OOOOOOoo me want.  its suppost to rain all week, so choose your wepons.


----------



## Brian.Smith (May 18, 2006)

Cool pics can't wait to get up North, I was planing on coming up Monday but had to go to WV. I am thinking i'll be up Thursday.


----------



## AnthHol (Jul 24, 2007)

if you have the choice i would check with someone on here before coming thursday. the water is extremely low and the fish are holding and not biting. they are calling for rain until thursday but i would make sure that happens before making a trip up.


----------



## KSUFLASH (Apr 14, 2004)

Now that is some fish porn for ya!!!! Great photos of the pods of fish.

flash-------------------------out


----------



## Ruminator (Apr 6, 2004)

You said that right Bob! 

I had a great time out with Bob. :B

It was the first time I have ever been on a river outside of a boat and I totally enjoyed all of it.

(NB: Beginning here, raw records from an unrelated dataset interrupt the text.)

lemma pos_eq_iff: "x \<in> V \<Longrightarrow> y \<in> V \<Longrightarrow> pos x = pos y \<longleftrightarrow> x = y"
  using inj_pos by (auto dest: inj_onD)

lemma adjacent_later_dominating:
  "x \<in> V \<Longrightarrow> y \<in> V \<Longrightarrow> pos x < pos y \<Longrightarrow> dominating y \<Longrightarrow> {x, y} \<in> E"
  using adjacent_iff by auto

lemma extend_by_vertex:
  assumes "v \<notin> V"
  shows "creation_sequence (insert v V) (if b then E \<union> {{v, x} | x. x \<in> V} else E)
    (pos(v := Suc (Max (pos ` V)))) (dominating(v := b))"
    (is "creation_sequence _ ?E ?pos ?dominating")
proof
  have before_v: "?pos x < ?pos v" if "x \<in> V" for x
    using that assms finite_vertices by (auto simp: le_imp_less_Suc)
  have adjacent_v: "{v, x} \<in> ?E \<longleftrightarrow> b \<and> x \<in> V" for x
    using edge_in_V[of v x] assms by (auto simp: doubleton_eq_iff)
  have adjacent_old: "{x, y} \<in> ?E \<longleftrightarrow> {x, y} \<in> E" if "x \<noteq> v" "y \<noteq> v" for x y
    using that by (auto simp: doubleton_eq_iff)
  show "finite (insert v V)" using finite_vertices by simp
  show "inj_on ?pos (insert v V)"
    using inj_pos before_v assms unfolding inj_on_def by (metis fun_upd_apply insert_iff less_irrefl)
  fix x y assume x: "x \<in> insert v V" and y: "y \<in> insert v V"
  consider "x = v" "y = v" | "x = v" "y \<in> V" "y \<noteq> v" | "y = v" "x \<in> V" "x \<noteq> v"
    | "x \<in> V" "y \<in> V" "x \<noteq> v" "y \<noteq> v"
    using x y by blast
  then show "{x, y} \<in> ?E \<longleftrightarrow>
      x \<noteq> y \<and> (?pos x < ?pos y \<and> ?dominating y \<or> ?pos y < ?pos x \<and> ?dominating x)"
  proof cases
    case 1
    then show ?thesis using adjacent_v[of v] assms by simp
  next
    case 2
    then show ?thesis using adjacent_v[of y] before_v[of y] by auto
  next
    case 3
    then show ?thesis using adjacent_v[of x] before_v[of x] by (auto simp: insert_commute)
  next
    case 4
    then show ?thesis using adjacent_old adjacent_iff by simp
  qed
next
  fix e assume "e \<in> (if b then E \<union> {{v, x} | x. x \<in> V} else E)"
  then show "\<exists>x\<in>insert v V. \<exists>y\<in>insert v V. x \<noteq> y \<and> e = {x, y}"
    using edge_pair assms by (auto split: if_splits)
qed

end

lemma threshold_creation_sequence:
  assumes "threshold V E"
  shows "\<exists>pos dominating. creation_sequence V E pos dominating"
  using assms
proof (induction rule: threshold.induct)
  case (single v)
  have "creation_sequence {v} {} (\<lambda>_. 0) (\<lambda>_. False)"
    by unfold_locales auto
  then show ?case by blast
next
  case (add_isolated V E v)
  then obtain pos dominating where "creation_sequence V E pos dominating" by blast
  from creation_sequence.extend_by_vertex[OF this \<open>v \<notin> V\<close>, where b = False] show ?case by auto
next
  case (add_universal V E v)
  then obtain pos dominating where "creation_sequence V E pos dominating" by blast
  from creation_sequence.extend_by_vertex[OF this \<open>v \<notin> V\<close>, where b = True] show ?case by auto
qed

lemma (in creation_sequence) latest_vertex_dominating:
  assumes "connected_in E D" "D \<subseteq> V" "x \<in> D" "y \<in> D" "pos x < pos y"
  obtains d where "d \<in> D" "dominating d" "\<And>z. z \<in> D \<Longrightarrow> pos z \<le> pos d"
proof -
  have fin: "finite D" using assms(2) finite_vertices finite_subset by blast
  obtain d where d: "d \<in> D" "\<And>z. z \<in> D \<Longrightarrow> pos z \<le> pos d"
    using Max_in[of "pos ` D"] fin assms(3) by (metis Max_ge empty_iff finite_imageI image_iff)
  have "x \<noteq> d" using assms(4,5) d(2) by (metis not_le)
  moreover have "(x, d) \<in> (ind_rel E D)\<^sup>*"
    using assms(1,3) d(1) unfolding connected_in_def by blast
  ultimately obtain w where "(w, d) \<in> ind_rel E D"
    by (metis rtranclE)
  then have w: "w \<in> D" "{w, d} \<in> E" unfolding ind_rel_def by simp_all
  \<comment> \<open>d is latest in D, so the edge wd forces d to be dominating\<close>
  have "dominating d"
    using adjacent_iff[of w d] w d assms(2) by (meson not_le subsetD)
  then show ?thesis using that d by blast
qed

section \<open>Connected components\<close>

lemma ind_rel_sym: "sym (ind_rel E S)"
  unfolding sym_def ind_rel_def by (auto simp: insert_commute)

lemma rtrancl_ind_rel_sym: "(x, y) \<in> (ind_rel E S)\<^sup>* \<Longrightarrow> (y, x) \<in> (ind_rel E S)\<^sup>*"
  by (rule symD[OF sym_rtrancl[OF ind_rel_sym]])

lemma rtrancl_ind_rel_in: "(x, y) \<in> (ind_rel E S)\<^sup>* \<Longrightarrow> x \<in> S \<Longrightarrow> y \<in> S"
  by (induction rule: rtrancl_induct) (auto simp: ind_rel_def)

lemma component_subset: "K \<in> components E S \<Longrightarrow> K \<subseteq> S"
  unfolding components_def by auto

lemma component_eq:
  assumes "K \<in> components E S" "x \<in> K"
  shows "K = {y \<in> S. (x, y) \<in> (ind_rel E S)\<^sup>*}"
proof -
  obtain u where u: "K = {v \<in> S. (u, v) \<in> (ind_rel E S)\<^sup>*}"
    using assms(1) unfolding components_def by blast
  then have ux: "(u, x) \<in> (ind_rel E S)\<^sup>*" using assms(2) by blast
  then have xu: "(x, u) \<in> (ind_rel E S)\<^sup>*" by (rule rtrancl_ind_rel_sym)
  have "(u, v) \<in> (ind_rel E S)\<^sup>* \<longleftrightarrow> (x, v) \<in> (ind_rel E S)\<^sup>*" for v
    using rtrancl_trans[OF ux] rtrancl_trans[OF xu] by blast
  then show ?thesis unfolding u by blast
qed

lemma components_disjoint:
  "K \<in> components E S \<Longrightarrow> K' \<in> components E S \<Longrightarrow> x \<in> K \<Longrightarrow> x \<in> K' \<Longrightarrow> K = K'"
  using component_eq[of K E S x] component_eq[of K' E S x] by simp

lemma components_cover: "x \<in> S \<Longrightarrow> \<exists>K \<in> components E S. x \<in> K"
  unfolding components_def by (intro bexI[of _ "{y \<in> S. (x, y) \<in> (ind_rel E S)\<^sup>*}"]) auto

lemma component_adjacent:
  assumes "K \<in> components E S" "x \<in> K" "y \<in> S" "{x, y} \<in> E"
  shows "y \<in> K"
proof -
  have "x \<in> S" using assms(1,2) component_subset by blast
  then have "(x, y) \<in> ind_rel E S" using assms(3,4) by (simp add: ind_rel_def)
  then show ?thesis using component_eq[OF assms(1,2)] assms(3) by blast
qed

And he's not exagerating about how many fish we eyeballed. For a first-timer all of it was just amazing! 

Thanks Bob.


If you are having difficulty seeing the fish guys, just put on your *polarized sunglasses*. WOOT!  

.


----------



## steelheadBob (Jul 6, 2004)

KSUFLASH said:


> Now that is some fish porn for ya!!!! Great photos of the pods of fish.
> 
> flash-------------------------out


i have a great photo of to hens making out, but i think ill keep that one in my pocket for the high water daysLOLOL


----------



## liquidsoap (Oct 22, 2005)

steelheadBob said:


> i have a great photo of to hens making out, but i think ill keep that one in my pocket for the high water daysLOLOL


LOL!!! Nice!!
Hey??? why is it all sticky???


----------



## peple of the perch (Sep 13, 2004)

because he just got done tying egg sacks.


----------



## WISH IT WAS YOU (Jul 25, 2006)

thoose are some sweet pic omg i have tp wow good job at least we know their are some good fish in the river


----------